Sidenote: if you read Norwegian, or run the piece through machine translation, check out this hilariously moronic piece and see for yourself how the Socialist Left intellectually wets itself. Asked by Aftenposten if it would be, indeed, ‘possible to differentiate between defensive vs. offensive weapon systems in a war’, the SV (presumably) Central Committee responded in the following:
‘Yes, the Military itself uses these definitions, which we have adopted, and which form the basis for our decision. But there’s a slippery slope, which means that we have to consider this anew from delivery to delivery’, according to [Torgeir Knag Fylkesnes, the Socialist Left’s deputy leader] (my emphasis)
And then there is this intellectual gem (which, apparently, didn’t bother Aftenposten):
‘There are two reasons for SV’s concern: the party does not wish to contribute offensive weapons that can be used beyond Ukraine’s borders. In addition, according to Fylkesnes, there is a fear that ‘easily tradable weapons can work for many decades to come, and may become very destabilising in the entire region, as we’ve seen in Syria’. (emphases mine)
So, we’ve learned that guns for Kyiv = good, as long as the Ukrainian Armed Forces don’t use them to shoot across their borders, because Syria.
Somehow, I’m becoming more and more afraid of these people in government as they try their hand at other things, such as the health care system (oh, wait, if only I could recall any problems in the more recent past) or the economy.
Also, do note the problematic assumption that ‘Norway’ = ‘the Norwegian people’, much like the Kyiv régime ≠ the Ukrainian people.
We should perhaps talk more about active citizenship, accountability for the people running government, and making them experience the consequences of their actions.
Please join me tomorrow for the second part of the contortions that masquerade as the ‘politics’ of western support for the Kyiv régime.

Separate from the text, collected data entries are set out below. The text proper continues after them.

(* Let $\{z_n\}_{n\ge 0}$ be a sequence of positive numbers satisfying the recurrence $$z_{n+1}=a_nz_{n}+b_nz_{n-1}\qquad (n\ge 1),$$ where $\{a_n\}$ and $\{b_n\}$ are real sequences. Assume that for all $n\geq 1$ we have $b_{n+1}\geq b_n>0$, $a_{n+1}\geq a_n>0$ and $$21a_n^2+11 a_{n+1}a_n-4b_{n-1}\geq0.$$ For each $n$ let $$f_n(x)=\left[(a_{n+1}a_n+b_{n+1})x+a_{n+1}b_n\right](x-a_{n-1})x^6-b_{n-1}(a_nx+b_n)^4.$$ If there exist a positive integer $N$ and a sequence $\{\lambda_n\}$ such that for all $n\geq N+1$, $$\frac{z_{n}}{z_{n-1}}\geq \lambda_n\geq a_n,\quad f_n''(\lambda_n)>0,\quad f_n'(\lambda_n)>0,\quad f_n(\lambda_n)>0,$$ then the ratio sequence $\{z_{n+1}/z_n\}_{n\ge N}$ is ratio log-convex.
   Context: A sequence $\{x_n\}$ of positive numbers is log-convex if $x_{n-1}x_{n+1}\ge x_n^2$ for all indices $n$ for which the three terms are defined (i.e. all but the first index), and log-concave if $x_{n-1}x_{n+1}\le x_n^2$ for all such $n$. A sequence $\{x_n\}$ of positive numbers is called ratio log-convex (resp. ratio log-concave) if the sequence $\{x_{n+1}/x_n\}$ is log-convex (resp. log-concave). *)

theory Defs
  imports "HOL-Analysis.Analysis"
begin

definition log_convex :: "(nat \<Rightarrow> real) \<Rightarrow> bool" where
  "log_convex x \<longleftrightarrow> (\<forall>n. x n > 0) \<and> (\<forall>n\<ge>1. x (n - 1) * x (n + 1) \<ge> (x n)\<^sup>2)"
section \<open>Entropy and mutual information\<close>

definition entropy :: "nat \<Rightarrow> (nat \<Rightarrow> real) \<Rightarrow> real" where
  "entropy p f = - (\<Sum>z<p. f z * log 2 (f z))"

lemma neg_sum_mult_ln_le:
  fixes f :: "'a \<Rightarrow> real"
  assumes "finite A" "0 < card A" "\<And>a. a \<in> A \<Longrightarrow> 0 \<le> f a"
  shows "- (\<Sum>a\<in>A. f a * ln (f a)) \<le> sum f A * ln (card A) - sum f A * ln (sum f A)"
proof (cases "sum f A = 0")
  case True
  then have "\<forall>a\<in>A. f a = 0"
    using sum_nonneg_eq_0_iff[OF assms(1)] assms(3) by blast
  then show ?thesis by simp
next
  case False
  define S where "S = sum f A"
  define n where "n = real (card A)"
  have "0 \<le> S" unfolding S_def using assms(3) by (simp add: sum_nonneg)
  then have "0 < S" using False by (simp add: S_def)
  have "0 < n" using assms(2) by (simp add: n_def)
  have "f a * ln S - f a * ln n - f a * ln (f a) \<le> S / n - f a" if "a \<in> A" for a
  proof (cases "f a = 0")
    case True
    then show ?thesis using \<open>0 < S\<close> \<open>0 < n\<close> by simp
  next
    case False
    then have "0 < f a" using assms(3)[OF that] by simp
    have "ln (S / (n * f a)) \<le> S / (n * f a) - 1"
      using \<open>0 < S\<close> \<open>0 < n\<close> \<open>0 < f a\<close> by (intro ln_le_minus_one) simp
    also have "ln (S / (n * f a)) = ln S - ln n - ln (f a)"
      using \<open>0 < S\<close> \<open>0 < n\<close> \<open>0 < f a\<close> by (simp add: ln_div ln_mult)
    finally have "f a * (ln S - ln n - ln (f a)) \<le> f a * (S / (n * f a) - 1)"
      using \<open>0 < f a\<close> by (intro mult_left_mono) auto
    then show ?thesis
      using \<open>0 < f a\<close> by (simp add: algebra_simps)
  qed
  then have "(\<Sum>a\<in>A. f a * ln S - f a * ln n - f a * ln (f a)) \<le> (\<Sum>a\<in>A. S / n - f a)"
    by (rule sum_mono)
  then show ?thesis
    using \<open>0 < n\<close> by (simp add: S_def n_def sum_subtractf flip: sum_distrib_right)
qed
lemma card_agree_add_hamming: "card {i \<in> {..<D}. f i = g i} + hamming D f g = D"
proof -
  have "card {i \<in> {..<D}. f i = g i} + hamming D f g
      = card ({i \<in> {..<D}. f i = g i} \<union> {i \<in> {..<D}. f i \<noteq> g i})"
    unfolding hamming_def by (rule card_Un_disjoint[symmetric]) auto
  also have "{i \<in> {..<D}. f i = g i} \<union> {i \<in> {..<D}. f i \<noteq> g i} = {..<D}" by auto
  finally show ?thesis by simp
qed

lemma hamming_step:
  assumes f: "f \<in> PiE {..<D} A" and g: "g \<in> PiE {..<D} A" and fg: "hamming D f g = Suc k"
  shows "\<exists>c \<in> PiE {..<D} A. hamming D f c = 1 \<and> hamming D c g = k"
proof -
  have "{i \<in> {..<D}. f i \<noteq> g i} \<noteq> {}"
    using fg unfolding hamming_def by (metis card.empty nat.distinct(1))
  then obtain i where i: "i < D" "f i \<noteq> g i" by auto
  define c where "c = f(i := g i)"
  have "c \<in> PiE (insert i {..<D}) A"
    unfolding c_def using f PiE_mem[OF g] i(1) by (intro PiE_fun_upd) auto
  then have "c \<in> PiE {..<D} A" using i(1) by (simp add: insert_absorb)
  moreover have "{j \<in> {..<D}. f j \<noteq> c j} = {i}" using i unfolding c_def by auto
  moreover have "{j \<in> {..<D}. c j \<noteq> g j} = {j \<in> {..<D}. f j \<noteq> g j} - {i}"
    unfolding c_def by auto
  moreover have "i \<in> {j \<in> {..<D}. f j \<noteq> g j}" using i by simp
  ultimately show ?thesis
    using fg unfolding hamming_def by (intro bexI[of _ c]) (simp_all add: card_Diff_singleton)
qed

lemma hamming_eq_1_imp_fun_upd:
  assumes f: "f \<in> PiE {..<D} A" and g: "g \<in> PiE {..<D} A" and fg: "hamming D f g = 1"
  shows "\<exists>i<D. g = f(i := g i)"
proof -
  obtain i where i: "{j \<in> {..<D}. f j \<noteq> g j} = {i}"
    using fg unfolding hamming_def by (rule card_1_singletonE)
  have "g k = (f(i := g i)) k" for k
  proof (cases "k < D \<and> k \<noteq> i")
    case True
    then have "k \<notin> {j \<in> {..<D}. f j \<noteq> g j}" by (subst i) simp
    then show ?thesis using True by simp
  next
    case False
    then show ?thesis using PiE_arb[OF f, of k] PiE_arb[OF g, of k] by auto
  qed
  moreover have "i < D" using i by blast
  ultimately show ?thesis by blast
qed

lemma card_hamming_sphere_1_le:
  assumes f: "f \<in> PiE {..<D} (\<lambda>_. {..<q})"
  shows "card {g \<in> PiE {..<D} (\<lambda>_. {..<q}). hamming D f g = 1} \<le> D * q"
proof -
  let ?upd = "\<lambda>(i, c). f(i := c)"
  have "{g \<in> PiE {..<D} (\<lambda>_. {..<q}). hamming D f g = 1} \<subseteq> ?upd ` ({..<D} \<times> {..<q})"
  proof
    fix g assume "g \<in> {g \<in> PiE {..<D} (\<lambda>_. {..<q}). hamming D f g = 1}"
    then have g: "g \<in> PiE {..<D} (\<lambda>_. {..<q})" and fg: "hamming D f g = 1" by auto
    obtain i where i: "i < D" "g = f(i := g i)" using hamming_eq_1_imp_fun_upd[OF f g fg] by blast
    have "(i, g i) \<in> {..<D} \<times> {..<q}" using i(1) PiE_mem[OF g, of i] by simp
    moreover have "g = ?upd (i, g i)" using i(2) by simp
    ultimately show "g \<in> ?upd ` ({..<D} \<times> {..<q})" by (rule rev_image_eqI)
  qed
  then have "card {g \<in> PiE {..<D} (\<lambda>_. {..<q}). hamming D f g = 1} \<le> card (?upd ` ({..<D} \<times> {..<q}))"
    by (intro card_mono) auto
  also have "\<dots> \<le> card ({..<D} \<times> {..<q})" by (rule card_image_le) simp
  finally show ?thesis by (simp add: card_cartesian_product)
qed

lemma exists_point_far_from_all:
  fixes W :: "(nat \<Rightarrow> nat) set"
  assumes x: "x \<in> PiE {..<D} (\<lambda>_. {..<q})" and W: "finite W"
    and bound: "card W * (D * D * (q - 1) ^ (D - 2)) < (q - 1) ^ D"
  shows "\<exists>v \<in> PiE {..<D} (\<lambda>_. {..<q}). hamming D x v = D \<and> (\<forall>w\<in>W. D \<le> hamming D w v + 1)"
proof -
  define G where "G = PiE {..<D} (\<lambda>k. {..<q} - {x k})"
  define pairs where "pairs = {(i, j) \<in> {..<D} \<times> {..<D}. i \<noteq> j}"
  define B where "B w p = {v \<in> G. v (fst p) = w (fst p) \<and> v (snd p) = w (snd p)}" for w :: "nat \<Rightarrow> nat" and p
  define Bad where "Bad = (\<Union>w\<in>W. \<Union>p\<in>pairs. B w p)"
  have card_avoid: "card ({..<q} - {x k}) = q - 1" if "k < D" for k
    using PiE_mem[OF x, of k] that by (simp add: card_Diff_singleton)
  have card_G: "card G = (q - 1) ^ D"
    unfolding G_def by (simp add: card_PiE card_avoid)
  have card_B: "card (B w p) \<le> (q - 1) ^ (D - 2)" if p: "p \<in> pairs" for w p
  proof -
    obtain i j where ij: "p = (i, j)" "i < D" "j < D" "i \<noteq> j" using p unfolding pairs_def by auto
    define C where "C k = (if k \<in> {i, j} then {w k} else {..<q} - {x k})" for k
    have "B w p \<subseteq> PiE {..<D} C"
      unfolding B_def G_def C_def ij(1) by (auto simp: PiE_iff extensional_def)
    then have "card (B w p) \<le> card (PiE {..<D} C)"
      by (intro card_mono finite_PiE) (auto simp: C_def)
    also have "\<dots> = (\<Prod>k\<in>{..<D}. if k \<in> {i, j} then 1 else q - 1)"
      unfolding card_PiE[OF finite_lessThan] by (rule prod.cong) (auto simp: C_def card_avoid)
    also have "\<dots> = (q - 1) ^ card ({..<D} - {i, j})"
    proof -
      have "{..<D} \<inter> - {k. k \<in> {i, j}} = {..<D} - {i, j}" by blast
      then show ?thesis unfolding prod.If_cases[OF finite_lessThan] by simp
    qed
    also have "card ({..<D} - {i, j}) = D - 2"
      using ij by (simp add: card_Diff_subset)
    finally show ?thesis .
  qed
  have pairs_sub: "pairs \<subseteq> {..<D} \<times> {..<D}" unfolding pairs_def by auto
  then have finite_pairs: "finite pairs" by (rule finite_subset) simp
  have "card pairs \<le> card ({..<D} \<times> {..<D})" using pairs_sub by (intro card_mono) auto
  then have card_pairs: "card pairs \<le> D * D" by (simp add: card_cartesian_product)
  have "card Bad \<le> (\<Sum>w\<in>W. \<Sum>p\<in>pairs. card (B w p))"
    unfolding Bad_def by (intro order.trans[OF card_UN_le[OF W]] sum_mono card_UN_le finite_pairs)
  also have "\<dots> \<le> (\<Sum>w\<in>W. \<Sum>p\<in>pairs. (q - 1) ^ (D - 2))"
    by (intro sum_mono card_B)
  also have "\<dots> \<le> card W * (D * D * (q - 1) ^ (D - 2))"
    using card_pairs by (simp add: mult_le_mono1)
  also have "\<dots> < card G" using bound card_G by simp
  finally have "card Bad < card G" .
  moreover have "finite Bad"
  proof (rule finite_subset)
    show "Bad \<subseteq> G" unfolding Bad_def B_def by auto
    show "finite G" unfolding G_def by (rule finite_PiE) auto
  qed
  ultimately obtain v where vG: "v \<in> G" and vBad: "v \<notin> Bad"
    by (meson card_mono not_le subsetI)
  have v: "v \<in> PiE {..<D} (\<lambda>_. {..<q})" using vG unfolding G_def by (auto simp: PiE_iff)
  have "{i \<in> {..<D}. x i \<noteq> v i} = {..<D}" using vG unfolding G_def by (force simp: PiE_iff)
  then have xv: "hamming D x v = D" unfolding hamming_def by simp
  have "D \<le> hamming D w v + 1" if w: "w \<in> W" for w
  proof -
    have "i = j" if "i \<in> {k \<in> {..<D}. w k = v k}" "j \<in> {k \<in> {..<D}. w k = v k}" for i j
    proof (rule ccontr)
      assume "i \<noteq> j"
      then have "v \<in> B w (i, j)" "(i, j) \<in> pairs" using that vG unfolding B_def pairs_def by auto
      then show False using vBad w unfolding Bad_def by blast
    qed
    then have "card {k \<in> {..<D}. w k = v k} \<le> 1" by (simp add: card_le_Suc0_iff_eq)
    then show ?thesis using card_agree_add_hamming[of D w v] by linarith
  qed
  with v xv show ?thesis by blast
qed

lemma relpow_potential_le:
  fixes P :: "'a \<Rightarrow> nat"
  assumes "\<And>x y. (x, y) \<in> R \<Longrightarrow> P x \<le> P y + 1"
  shows "(x, y) \<in> R ^^ k \<Longrightarrow> P x \<le> P y + k"
proof (induction k arbitrary: y)
  case 0
  then show ?case by simp
next
  case (Suc k)
  then obtain c where "(x, c) \<in> R ^^ k" "(c, y) \<in> R" by auto
  with Suc.IH assms show ?case by fastforce
qed

lemma gdist_le_relpow: "(u, v) \<in> und_edges n S ^^ k \<Longrightarrow> gdist n S u v \<le> k"
  unfolding gdist_def by (auto intro: Least_le)

text \<open>The bound by \<open>n^2\<close> covers the case that \<open>v\<close> is unreachable from \<open>u\<close>, where \<open>gdist\<close> is \<open>n^2\<close>.\<close>

lemma gdist_ge_potential:
  fixes P :: "nat \<Rightarrow> nat"
  assumes edge: "\<And>x y. (x, y) \<in> und_edges n S \<Longrightarrow> P x \<le> P y + 1"
    and far: "P u \<le> P v + n ^ 2"
  shows "P u \<le> P v + gdist n S u v"
proof (cases "\<exists>k. (u, v) \<in> und_edges n S ^^ k")
  case True
  then have "(u, v) \<in> und_edges n S ^^ gdist n S u v"
    using LeastI_ex[OF True] unfolding gdist_def by simp
  then show ?thesis using relpow_potential_le[of "und_edges n S" P] edge by blast
next
  case False
  then show ?thesis using far unfolding gdist_def by simp
qed
lemma vecs_nonzero_coord:
  assumes "x \<in> V" "x \<noteq> vzero K"
  obtains j where "j < n" "x j \<noteq> \<zero>"
proof -
  have "\<not> (\<forall>j<n. x j = \<zero>)"
  proof
    assume "\<forall>j<n. x j = \<zero>"
    then have "x = vzero K"
      using vecs_beyond[OF assms(1)] by (intro ext) (metis vzero_apply not_less)
    with assms(2) show False ..
  qed
  with that show thesis
    by blast
qed

lemma subspace_perp:
  assumes X: "X \<subseteq> V"
  shows "subspace K n (perp K n X)"
proof -
  have lin: "linear_functional V (dot x)" if "x \<in> X" for x
    using X that by (intro linear_functional_dot_right) auto
  have "dot x (vzero K) = \<zero>" if "x \<in> X" for x
    using X that dot_commute[of x "vzero K"] by auto
  moreover have "dot x (vadd K v w) = \<zero>" if "x \<in> X" "v \<in> perp K n X" "w \<in> perp K n X" for x v w
    using lin[OF that(1)] that by (auto simp: linear_functional_def perp_eq)
  moreover have "dot x (vsmult K c v) = \<zero>" if "x \<in> X" "c \<in> carrier K" "v \<in> perp K n X" for x c v
    using lin[OF that(1)] that by (auto simp: linear_functional_def perp_eq)
  ultimately show ?thesis
    unfolding subspace_def by (auto simp: perp_eq)
qed

lemma perp_antimono: "X \<subseteq> Y \<Longrightarrow> perp K n Y \<subseteq> perp K n X"
  by (auto simp: perp_eq)

lemma card_dot_zero_left:
  assumes x: "x \<in> V"
  shows "q * card {w\<in>V. dot x w = \<zero>} = (if x = vzero K then q * q ^ n else q ^ n)"
proof (cases "x = vzero K")
  case True
  then have "{w\<in>V. dot x w = \<zero>} = V"
    by auto
  with True show ?thesis
    by (simp add: card_vecs)
next
  case False
  then obtain j where j: "j < n" "x j \<noteq> \<zero>"
    using vecs_nonzero_coord[OF x] by blast
  then have "card V = q * card {w\<in>V. dot x w = \<zero>}"
    by (intro card_linear_functional_kernel[OF subspace_vecs linear_functional_dot_right[OF x]
          unit_vec_in_vecs[OF j(1)]]) (simp add: dot_unit_vec x)
  with False show ?thesis
    by (simp add: card_vecs)
qed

The newly formed Polish-Ukraine region needs Norway oil more than weapons.
The division between defensive and offensive weapons is not just politicial fiction though. Even an engineering corps temporary bridge or a helmet, or a flak vest counts as a "weapon" in the laws and ordinances regulating arms sales. It would f.e. be "weapons smuggling" if I was to bring my old swedish army bayonette while hiking and crossing a nationalborder, silly as it may seem - but laws are blunt.
Morals and ethics in war are justifications and rationalisations - always. If I told you that Sweden had a self-propelled artiellery piece designed to - apart from regular types of ammunition - also fire a massive rain of gas shells in order to stop soviet infantry, would you believe it?
As for secrecy, it's nothing special. All military transports and maneuvers are secret, even when they are en route to exercises using regular roads - the man taking and posting that photo has possibly committed a crime without realising it (basing this on swedish law, also contextual of course).
And the war is fueling not only british and american oligarchs, but Putin's cronies too. It's not like the swiss and italian banks they use are going to confiscate the billions of dollars Putin's gang has deposited there over the years, for the banks to invest in western businessesfor them. It is fully possible, even likely, that if one follows the thread of companies owning each other we'll find modern russian boyars from the court of Tsar Putin eating from the same trough as US and british "respected leaders of industry".
War, It's a racket, as Maj. Gen. Smedley Butler said. (Heck, it was a racket when Gustavus Adolphus was warring with the League too, only it was french and dutch bankers rather than italian and swiss.)